--- RECORDS SUPPLIED ---

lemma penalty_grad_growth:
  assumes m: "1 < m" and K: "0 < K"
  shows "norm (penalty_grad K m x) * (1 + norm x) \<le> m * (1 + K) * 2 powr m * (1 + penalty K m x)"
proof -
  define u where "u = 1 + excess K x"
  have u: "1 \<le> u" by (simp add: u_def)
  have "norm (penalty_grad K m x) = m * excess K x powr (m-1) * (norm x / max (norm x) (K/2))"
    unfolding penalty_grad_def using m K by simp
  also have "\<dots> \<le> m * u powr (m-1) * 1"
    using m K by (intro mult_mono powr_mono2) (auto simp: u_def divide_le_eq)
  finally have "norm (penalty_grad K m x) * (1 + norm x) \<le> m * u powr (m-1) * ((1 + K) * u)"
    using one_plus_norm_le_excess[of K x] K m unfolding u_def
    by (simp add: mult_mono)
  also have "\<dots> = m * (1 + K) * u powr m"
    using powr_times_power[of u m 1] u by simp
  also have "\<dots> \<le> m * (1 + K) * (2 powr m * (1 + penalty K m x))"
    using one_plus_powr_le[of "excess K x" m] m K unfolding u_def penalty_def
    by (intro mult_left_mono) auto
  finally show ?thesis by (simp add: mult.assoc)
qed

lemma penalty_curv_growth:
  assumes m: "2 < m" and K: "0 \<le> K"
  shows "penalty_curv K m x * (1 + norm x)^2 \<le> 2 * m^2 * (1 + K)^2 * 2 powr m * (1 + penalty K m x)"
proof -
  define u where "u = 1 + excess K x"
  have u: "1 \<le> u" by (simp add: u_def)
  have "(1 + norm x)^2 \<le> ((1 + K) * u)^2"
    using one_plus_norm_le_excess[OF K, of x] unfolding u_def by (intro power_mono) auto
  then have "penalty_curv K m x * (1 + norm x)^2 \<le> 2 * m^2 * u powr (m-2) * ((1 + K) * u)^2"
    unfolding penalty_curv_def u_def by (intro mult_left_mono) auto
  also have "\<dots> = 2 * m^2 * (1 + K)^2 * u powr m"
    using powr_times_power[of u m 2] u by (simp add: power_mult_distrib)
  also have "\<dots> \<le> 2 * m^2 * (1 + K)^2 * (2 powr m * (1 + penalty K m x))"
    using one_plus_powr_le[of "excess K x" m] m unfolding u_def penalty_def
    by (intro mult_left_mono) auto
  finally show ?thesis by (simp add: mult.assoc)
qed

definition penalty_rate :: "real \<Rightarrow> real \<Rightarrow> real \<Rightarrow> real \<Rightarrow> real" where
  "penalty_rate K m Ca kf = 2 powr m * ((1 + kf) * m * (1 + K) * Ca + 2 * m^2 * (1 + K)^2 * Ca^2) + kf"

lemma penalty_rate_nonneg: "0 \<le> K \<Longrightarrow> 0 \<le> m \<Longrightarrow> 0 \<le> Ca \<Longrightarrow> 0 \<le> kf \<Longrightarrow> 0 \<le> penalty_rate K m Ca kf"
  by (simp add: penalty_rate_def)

---
--- RECORDS SUPPLIED ---

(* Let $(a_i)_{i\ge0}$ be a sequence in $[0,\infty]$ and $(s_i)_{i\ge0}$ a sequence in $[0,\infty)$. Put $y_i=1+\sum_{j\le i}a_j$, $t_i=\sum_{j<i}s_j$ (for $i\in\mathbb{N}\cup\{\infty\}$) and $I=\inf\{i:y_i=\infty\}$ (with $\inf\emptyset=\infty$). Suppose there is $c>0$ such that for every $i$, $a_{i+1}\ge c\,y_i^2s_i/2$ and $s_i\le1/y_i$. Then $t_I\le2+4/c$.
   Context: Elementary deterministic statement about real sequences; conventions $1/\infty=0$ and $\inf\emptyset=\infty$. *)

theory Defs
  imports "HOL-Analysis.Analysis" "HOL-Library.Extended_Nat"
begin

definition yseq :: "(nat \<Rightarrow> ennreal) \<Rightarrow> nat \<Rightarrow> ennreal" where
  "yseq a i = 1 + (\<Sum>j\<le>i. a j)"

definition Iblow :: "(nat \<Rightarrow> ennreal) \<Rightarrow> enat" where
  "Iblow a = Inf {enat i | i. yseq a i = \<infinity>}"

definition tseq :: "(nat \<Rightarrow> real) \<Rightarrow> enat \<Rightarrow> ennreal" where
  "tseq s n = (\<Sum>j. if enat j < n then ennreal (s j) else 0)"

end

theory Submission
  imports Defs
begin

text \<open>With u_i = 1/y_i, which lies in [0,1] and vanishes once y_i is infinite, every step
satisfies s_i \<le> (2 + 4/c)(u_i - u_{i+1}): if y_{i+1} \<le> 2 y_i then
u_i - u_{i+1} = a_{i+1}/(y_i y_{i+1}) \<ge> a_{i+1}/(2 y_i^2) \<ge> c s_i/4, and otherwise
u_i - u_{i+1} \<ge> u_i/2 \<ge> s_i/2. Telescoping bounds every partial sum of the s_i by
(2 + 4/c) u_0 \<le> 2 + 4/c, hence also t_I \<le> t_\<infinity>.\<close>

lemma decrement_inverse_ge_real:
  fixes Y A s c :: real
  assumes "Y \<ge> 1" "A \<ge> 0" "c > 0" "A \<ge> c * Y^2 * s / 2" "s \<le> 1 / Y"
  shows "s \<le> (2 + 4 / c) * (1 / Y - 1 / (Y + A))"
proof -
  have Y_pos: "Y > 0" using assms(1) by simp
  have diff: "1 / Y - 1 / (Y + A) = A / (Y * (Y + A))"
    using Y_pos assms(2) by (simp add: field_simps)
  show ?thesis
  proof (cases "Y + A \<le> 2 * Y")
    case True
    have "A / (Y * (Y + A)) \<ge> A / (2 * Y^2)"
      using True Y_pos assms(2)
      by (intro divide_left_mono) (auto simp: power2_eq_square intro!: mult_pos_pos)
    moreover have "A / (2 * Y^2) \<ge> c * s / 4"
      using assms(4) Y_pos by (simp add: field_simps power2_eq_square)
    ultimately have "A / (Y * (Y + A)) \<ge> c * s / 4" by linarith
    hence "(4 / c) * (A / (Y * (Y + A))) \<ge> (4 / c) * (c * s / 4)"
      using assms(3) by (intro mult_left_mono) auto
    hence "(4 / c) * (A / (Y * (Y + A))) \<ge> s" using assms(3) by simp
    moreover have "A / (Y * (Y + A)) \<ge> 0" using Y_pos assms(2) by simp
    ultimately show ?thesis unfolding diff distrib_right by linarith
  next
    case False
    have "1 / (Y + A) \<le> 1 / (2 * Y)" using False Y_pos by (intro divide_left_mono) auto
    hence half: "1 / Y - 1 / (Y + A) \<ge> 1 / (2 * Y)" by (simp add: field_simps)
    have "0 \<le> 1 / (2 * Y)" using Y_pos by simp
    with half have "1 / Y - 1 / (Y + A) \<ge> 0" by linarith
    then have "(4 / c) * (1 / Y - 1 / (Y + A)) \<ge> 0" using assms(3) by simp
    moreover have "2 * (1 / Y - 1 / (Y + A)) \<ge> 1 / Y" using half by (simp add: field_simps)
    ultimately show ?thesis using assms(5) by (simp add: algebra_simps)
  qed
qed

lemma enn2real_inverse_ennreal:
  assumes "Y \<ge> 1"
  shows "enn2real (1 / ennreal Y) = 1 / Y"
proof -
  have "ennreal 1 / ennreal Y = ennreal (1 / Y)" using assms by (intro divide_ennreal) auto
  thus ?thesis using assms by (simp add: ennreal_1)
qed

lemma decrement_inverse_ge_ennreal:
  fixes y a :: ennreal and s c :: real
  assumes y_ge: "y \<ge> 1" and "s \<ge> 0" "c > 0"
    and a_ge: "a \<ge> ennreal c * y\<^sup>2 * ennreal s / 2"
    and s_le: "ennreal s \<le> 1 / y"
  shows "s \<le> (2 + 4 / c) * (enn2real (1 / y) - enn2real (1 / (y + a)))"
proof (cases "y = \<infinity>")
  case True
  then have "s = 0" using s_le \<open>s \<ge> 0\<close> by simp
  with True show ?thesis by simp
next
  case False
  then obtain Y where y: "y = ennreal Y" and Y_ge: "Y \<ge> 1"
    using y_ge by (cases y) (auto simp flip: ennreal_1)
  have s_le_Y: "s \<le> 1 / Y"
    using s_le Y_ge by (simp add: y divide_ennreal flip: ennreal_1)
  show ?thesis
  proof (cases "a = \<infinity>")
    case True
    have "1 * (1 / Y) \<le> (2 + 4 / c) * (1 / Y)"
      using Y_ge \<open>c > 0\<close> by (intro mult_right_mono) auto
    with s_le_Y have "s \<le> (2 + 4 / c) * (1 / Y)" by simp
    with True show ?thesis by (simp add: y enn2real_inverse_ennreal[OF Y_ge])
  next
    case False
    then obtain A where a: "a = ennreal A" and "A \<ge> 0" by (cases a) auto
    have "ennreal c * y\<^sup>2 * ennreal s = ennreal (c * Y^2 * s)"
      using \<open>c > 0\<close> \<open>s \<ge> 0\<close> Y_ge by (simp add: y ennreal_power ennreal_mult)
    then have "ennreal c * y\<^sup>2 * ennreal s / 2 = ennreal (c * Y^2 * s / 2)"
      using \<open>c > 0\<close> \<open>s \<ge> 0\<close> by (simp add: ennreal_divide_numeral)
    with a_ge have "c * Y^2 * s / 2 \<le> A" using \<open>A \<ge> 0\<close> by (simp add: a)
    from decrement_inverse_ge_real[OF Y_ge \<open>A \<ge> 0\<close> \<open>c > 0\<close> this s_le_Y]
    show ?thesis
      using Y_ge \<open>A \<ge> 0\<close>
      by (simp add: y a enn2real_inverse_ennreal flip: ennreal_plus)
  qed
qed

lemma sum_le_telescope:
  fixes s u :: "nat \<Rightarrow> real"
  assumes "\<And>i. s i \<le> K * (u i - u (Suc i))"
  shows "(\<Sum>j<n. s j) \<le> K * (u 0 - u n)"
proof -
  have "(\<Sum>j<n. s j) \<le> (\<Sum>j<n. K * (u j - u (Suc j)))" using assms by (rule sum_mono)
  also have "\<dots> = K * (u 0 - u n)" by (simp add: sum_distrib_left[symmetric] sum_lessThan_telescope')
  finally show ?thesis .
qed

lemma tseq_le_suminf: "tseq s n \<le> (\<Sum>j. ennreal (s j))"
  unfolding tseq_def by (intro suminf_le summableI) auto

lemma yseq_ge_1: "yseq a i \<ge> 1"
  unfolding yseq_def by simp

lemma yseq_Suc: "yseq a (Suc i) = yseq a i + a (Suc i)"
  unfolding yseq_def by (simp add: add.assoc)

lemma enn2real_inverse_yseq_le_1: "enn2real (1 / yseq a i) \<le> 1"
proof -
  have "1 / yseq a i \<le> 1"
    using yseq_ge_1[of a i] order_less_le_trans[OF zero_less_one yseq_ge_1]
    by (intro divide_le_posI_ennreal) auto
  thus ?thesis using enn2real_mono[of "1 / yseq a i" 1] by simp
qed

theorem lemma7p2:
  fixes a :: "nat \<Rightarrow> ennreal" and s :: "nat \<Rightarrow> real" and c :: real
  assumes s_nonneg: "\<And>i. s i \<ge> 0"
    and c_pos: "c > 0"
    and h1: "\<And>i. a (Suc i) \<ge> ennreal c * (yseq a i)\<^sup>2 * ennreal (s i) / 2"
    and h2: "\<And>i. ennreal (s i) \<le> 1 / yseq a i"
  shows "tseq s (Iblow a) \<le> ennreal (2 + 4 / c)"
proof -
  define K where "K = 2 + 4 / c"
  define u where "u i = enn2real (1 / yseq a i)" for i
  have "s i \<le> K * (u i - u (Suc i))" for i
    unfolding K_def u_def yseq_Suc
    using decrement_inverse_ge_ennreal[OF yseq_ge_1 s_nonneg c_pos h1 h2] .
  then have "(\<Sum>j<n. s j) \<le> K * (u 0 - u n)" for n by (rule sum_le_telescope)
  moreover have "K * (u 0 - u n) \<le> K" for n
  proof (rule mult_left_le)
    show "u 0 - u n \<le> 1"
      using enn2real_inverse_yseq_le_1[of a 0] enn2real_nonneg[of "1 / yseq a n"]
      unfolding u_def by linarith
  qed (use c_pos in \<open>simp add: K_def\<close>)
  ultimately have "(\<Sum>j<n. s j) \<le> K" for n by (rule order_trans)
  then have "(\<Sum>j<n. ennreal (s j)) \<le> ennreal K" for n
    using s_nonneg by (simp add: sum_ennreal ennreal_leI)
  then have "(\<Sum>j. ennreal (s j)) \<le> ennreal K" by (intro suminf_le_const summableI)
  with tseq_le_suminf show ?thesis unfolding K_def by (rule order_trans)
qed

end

---

> _WORK TO COMPLETE_
Every line above that includes the word "moreover" must appear in the answer.

> _RESPONSE TO THE TASK_
    moreover have "A / (2 * Y^2) \<ge> c * s / 4"
    moreover have "A / (Y * (Y + A)) \<ge> 0" using Y_pos assms(2) by simp
    moreover have "2 * (1 / Y - 1 / (Y + A)) \<ge> 1 / Y" using half by (simp add: field_simps)
  moreover have "K * (u 0 - u n) \<le> K" for n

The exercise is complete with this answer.